Exactly the lines from the start of the data through the line containing "text \<open>D_0: finite" should be output, with both ends kept and nothing added.

## Stored data entries:
⁂

(* Let $k>l\ge0$ be integers, $\xi\in\mathbb{C}$, $f:\mathbb{N}\to[0,\infty)$, and $A=\xi(a^\dagger)^ka^l+\xi^*(a^\dagger)^la^k+f(a^\dagger a)$ with domain $\mathcal{D}_0$. Assume there exist $\kappa\ge2$ and $N\in\mathbb{N}$ such that $f(n)\ge\kappa|\xi|\beta^{kl}_n$ for all $n\ge N$. Then $A$ is essentially self-adjoint. In particular, if $\kappa>2$, then $A$ is bounded from below by $-2|\xi|\beta^{kl}_{N-1}\kappa/(\kappa-2)$, i.e. $\langle\psi,A\psi\rangle\ge-\frac{2|\xi|\beta^{kl}_{N-1}\kappa}{\kappa-2}\|\psi\|^2$ for all $\psi\in\mathcal{D}_0$.
   Context: $\mathbb{N}=\{0,1,2,\dots\}$. $\mathcal{H}$ is a separable complex Hilbert space with orthonormal basis $(\phi_n)_{n\in\mathbb{N}}$; $\mathcal{D}_0$ is the set of finite linear combinations of the $\phi_n$. The operators $a,a^\dagger$ have domain $\mathcal{D}_0$ and act by $a\phi_n=\sqrt{n}\,\phi_{n-1}$ ($a\phi_0=0$), $a^\dagger\phi_n=\sqrt{n+1}\,\phi_{n+1}$, extended linearly. $f(a^\dagger a)$ has domain $\mathcal{D}_0$ and $f(a^\dagger a)\phi_n=f(n)\phi_n$. For integers $x$ and $s\ge0$, $(x,s)=x(x+1)\cdots(x+s-1)$ ($=1$ if $s=0$), with the convention $(x,s)=0$ whenever $x$ is a negative integer; for integers $n$ and $k,l\ge0$, $\beta^{kl}_n=\sqrt{(n-l+1,l)(n-l+1,k)}$. *)

theory Defs
  imports "HOL-Analysis.Analysis"
begin

text \<open>The Hilbert space H with orthonormal basis phi_n is modelled concretely as l2(N):
  vectors are square-summable sequences nat => complex, phi_n is the indicator of n.\<close>

definition ell2 :: "(nat \<Rightarrow> complex) set" where
  "ell2 = {x. summable (\<lambda>n. (cmod (x n))\<^sup>2)}"

definition l2inner :: "(nat \<Rightarrow> complex) \<Rightarrow> (nat \<Rightarrow> complex) \<Rightarrow> complex" where
  "l2inner x y = (\<Sum>n. cnj (x n) * y n)"

definition l2norm :: "(nat \<Rightarrow> complex) \<Rightarrow> real" where
  "l2norm x = sqrt (\<Sum>n. (cmod (x n))\<^sup>2)"

text \<open>D_0: finite linear combinations of the basis vectors = finitely supported sequences.\<close>
definition D0 :: "(nat \<Rightarrow> complex) set" where
  "D0 = {x. finite {n. x n \<noteq> 0}}"

text \<open>Annihilation / creation operators (on coefficient sequences):
  a phi_n = sqrt n phi_(n-1), a^dagger phi_n = sqrt (n+1) phi_(n+1).\<close>
definition ann :: "(nat \<Rightarrow> complex) \<Rightarrow> (nat \<Rightarrow> complex)" where
  "ann x = (\<lambda>n. complex_of_real (sqrt (real (n + 1))) * x (n + 1))"

definition cre :: "(nat \<Rightarrow> complex) \<Rightarrow> (nat \<Rightarrow> complex)" where
  "cre x = (\<lambda>n. if n = 0 then 0 else complex_of_real (sqrt (real n)) * x (n - 1))"

definition numfun :: "(nat \<Rightarrow> real) \<Rightarrow> (nat \<Rightarrow> complex) \<Rightarrow> (nat \<Rightarrow> complex)" where
  "numfun f x = (\<lambda>n. complex_of_real (f n) * x n)"

definition A_op :: "nat \<Rightarrow> nat \<Rightarrow> complex \<Rightarrow> (nat \<Rightarrow> real) \<Rightarrow> (nat \<Rightarrow> complex) \<Rightarrow> (nat \<Rightarrow> complex)" where
  "A_op k l \<xi> f x = (\<lambda>n. \<xi> * (cre ^^ k) ((ann ^^ l) x) n
                        + cnj \<xi> * (cre ^^ l) ((ann ^^ k) x) n
                        + numfun f x n)"

text \<open>Operators are represented by their graphs (subsets of H x H).\<close>
definition graph_D0 :: "((nat \<Rightarrow> complex) \<Rightarrow> (nat \<Rightarrow> complex)) \<Rightarrow> ((nat \<Rightarrow> complex) \<times> (nat \<Rightarrow> complex)) set" where
  "graph_D0 T = {(x, T x) | x. x \<in> D0}"

definition graph_closure :: "((nat \<Rightarrow> complex) \<times> (nat \<Rightarrow> complex)) set \<Rightarrow> ((nat \<Rightarrow> complex) \<times> (nat \<Rightarrow> complex)) set" where
  "graph_closure G = {(x, y). x \<in> ell2 \<and> y \<in> ell2 \<and>
      (\<exists>s :: nat \<Rightarrow> (nat \<Rightarrow> complex) \<times> (nat \<Rightarrow> complex). (\<forall>j. s j \<in> G) \<and>
         (\<lambda>j. l2norm (\<lambda>n. fst (s j) n - x n)) \<longlonglongrightarrow> 0 \<and>
         (\<lambda>j. l2norm (\<lambda>n. snd (s j) n - y n)) \<longlonglongrightarrow> 0)}"

definition graph_adjoint :: "((nat \<Rightarrow> complex) \<times> (nat \<Rightarrow> complex)) set \<Rightarrow> ((nat \<Rightarrow> complex) \<times> (nat \<Rightarrow> complex)) set" where
  "graph_adjoint G = {(u, v). u \<in> ell2 \<and> v \<in> ell2 \<and> (\<forall>(x, y) \<in> G. l2inner u y = l2inner v x)}"

definition self_adjoint_graph :: "((nat \<Rightarrow> complex) \<times> (nat \<Rightarrow> complex)) set \<Rightarrow> bool" where
  "self_adjoint_graph G \<longleftrightarrow> G = graph_adjoint G"

definition ess_self_adjoint :: "((nat \<Rightarrow> complex) \<times> (nat \<Rightarrow> complex)) set \<Rightarrow> bool" where
  "ess_self_adjoint G \<longleftrightarrow> self_adjoint_graph (graph_closure G)"

definition rising :: "int \<Rightarrow> nat \<Rightarrow> int" where
  "rising x s = (if x < 0 then 0 else (\<Prod>i<s. x + int i))"

definition beta :: "nat \<Rightarrow> nat \<Rightarrow> int \<Rightarrow> real" where
  "beta k l n = sqrt (real_of_int (rising (n - int l + 1) l * rising (n - int l + 1) k))"

end

theory Submission
  imports Defs
begin

(* In the basis phi_n the operator A is the Hermitian band matrix with diagonal f, bandwidth
   d = k - l and entries xi beta_m at (m + d, m) and cnj xi beta_m at (m, m + d), because
   (a^dagger)^k a^l phi_m = beta_m phi_(m+d).  As beta is increasing, the hypothesis says that the
   diagonal dominates the off-diagonal row sums: |xi| (beta_(n-d) + beta_n) <= 2 |xi| beta_n <= f n
   for n >= N.

   Essential self-adjointness follows from von Neumann's criterion.  The adjoint of the closure acts
   coefficientwise by the same band matrix, so an element of ker (A^* -/+ i t) is a square-summable
   solution of the eigenvalue equation; at a coefficient of maximal modulus, |f n -/+ i t| exceeds
   the off-diagonal row sum once t is large, which forces the solution to vanish.  The range of
   closure(A) - i t is all of l2: on D0, |(A - i t) x|^2 = |A x|^2 + t^2 |x|^2, so a sequence
   minimising the distance to a given z converges in the graph norm, and the residual of its limit is
   orthogonal to the range, hence again such an eigenvector.

   For the lower bound, AM-GM on the off-diagonal terms gives
   Re <psi, A psi> >= sum_n (f n - |xi| (beta_(n-d) + beta_n)) |psi_n|^2; the summands are
   nonnegative for n >= N and at least -2 |xi| beta_(N-1) |psi_n|^2 below N.  This is stronger than
   the stated bound, as kappa / (kappa - 2) >= 1. *)

section \<open>Square-summable sequences\<close>

lemma ell2_add:
  assumes "x \<in> ell2" "y \<in> ell2"
  shows "(\<lambda>n. x n + y n) \<in> ell2"
proof -
  have "summable (\<lambda>n. 2 * (cmod (x n))\<^sup>2 + 2 * (cmod (y n))\<^sup>2)"
    using assms unfolding ell2_def by (simp add: summable_add summable_mult)
  moreover have "(cmod (x n + y n))\<^sup>2 \<le> 2 * (cmod (x n))\<^sup>2 + 2 * (cmod (y n))\<^sup>2" for n
  proof -
    have "(cmod (x n + y n))\<^sup>2 \<le> (cmod (x n) + cmod (y n))\<^sup>2"
      by (simp add: norm_triangle_ineq power_mono)
    also have "\<dots> \<le> 2 * (cmod (x n))\<^sup>2 + 2 * (cmod (y n))\<^sup>2"
      unfolding power2_sum using sum_squares_bound[of "cmod (x n)" "cmod (y n)"] by linarith
    finally show ?thesis .
  qed
  ultimately show ?thesis
    unfolding ell2_def by (simp add: summable_comparison_test'[where N = 0])
qed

⁂

## WRITTEN ANSWER:
(* Let $k>l\ge0$ be integers, $\xi\in\mathbb{C}$, $f:\mathbb{N}\to[0,\infty)$, and $A=\xi(a^\dagger)^ka^l+\xi^*(a^\dagger)^la^k+f(a^\dagger a)$ with domain $\mathcal{D}_0$. Assume there exist $\kappa\ge2$ and $N\in\mathbb{N}$ such that $f(n)\ge\kappa|\xi|\beta^{kl}_n$ for all $n\ge N$. Then $A$ is essentially self-adjoint. In particular, if $\kappa>2$, then $A$ is bounded from below by $-2|\xi|\beta^{kl}_{N-1}\kappa/(\kappa-2)$, i.e. $\langle\psi,A\psi\rangle\ge-\frac{2|\xi|\beta^{kl}_{N-1}\kappa}{\kappa-2}\|\psi\|^2$ for all $\psi\in\mathcal{D}_0$.
   Context: $\mathbb{N}=\{0,1,2,\dots\}$. $\mathcal{H}$ is a separable complex Hilbert space with orthonormal basis $(\phi_n)_{n\in\mathbb{N}}$; $\mathcal{D}_0$ is the set of finite linear combinations of the $\phi_n$. The operators $a,a^\dagger$ have domain $\mathcal{D}_0$ and act by $a\phi_n=\sqrt{n}\,\phi_{n-1}$ ($a\phi_0=0$), $a^\dagger\phi_n=\sqrt{n+1}\,\phi_{n+1}$, extended linearly. $f(a^\dagger a)$ has domain $\mathcal{D}_0$ and $f(a^\dagger a)\phi_n=f(n)\phi_n$. For integers $x$ and $s\ge0$, $(x,s)=x(x+1)\cdots(x+s-1)$ ($=1$ if $s=0$), with the convention $(x,s)=0$ whenever $x$ is a negative integer; for integers $n$ and $k,l\ge0$, $\beta^{kl}_n=\sqrt{(n-l+1,l)(n-l+1,k)}$. *)

theory Defs
  imports "HOL-Analysis.Analysis"
begin

text \<open>The Hilbert space H with orthonormal basis phi_n is modelled concretely as l2(N):
  vectors are square-summable sequences nat => complex, phi_n is the indicator of n.\<close>

definition ell2 :: "(nat \<Rightarrow> complex) set" where
  "ell2 = {x. summable (\<lambda>n. (cmod (x n))\<^sup>2)}"

definition l2inner :: "(nat \<Rightarrow> complex) \<Rightarrow> (nat \<Rightarrow> complex) \<Rightarrow> complex" where
  "l2inner x y = (\<Sum>n. cnj (x n) * y n)"

definition l2norm :: "(nat \<Rightarrow> complex) \<Rightarrow> real" where
  "l2norm x = sqrt (\<Sum>n. (cmod (x n))\<^sup>2)"

text \<open>D_0: finite linear combinations of the basis vectors = finitely supported sequences.\<close>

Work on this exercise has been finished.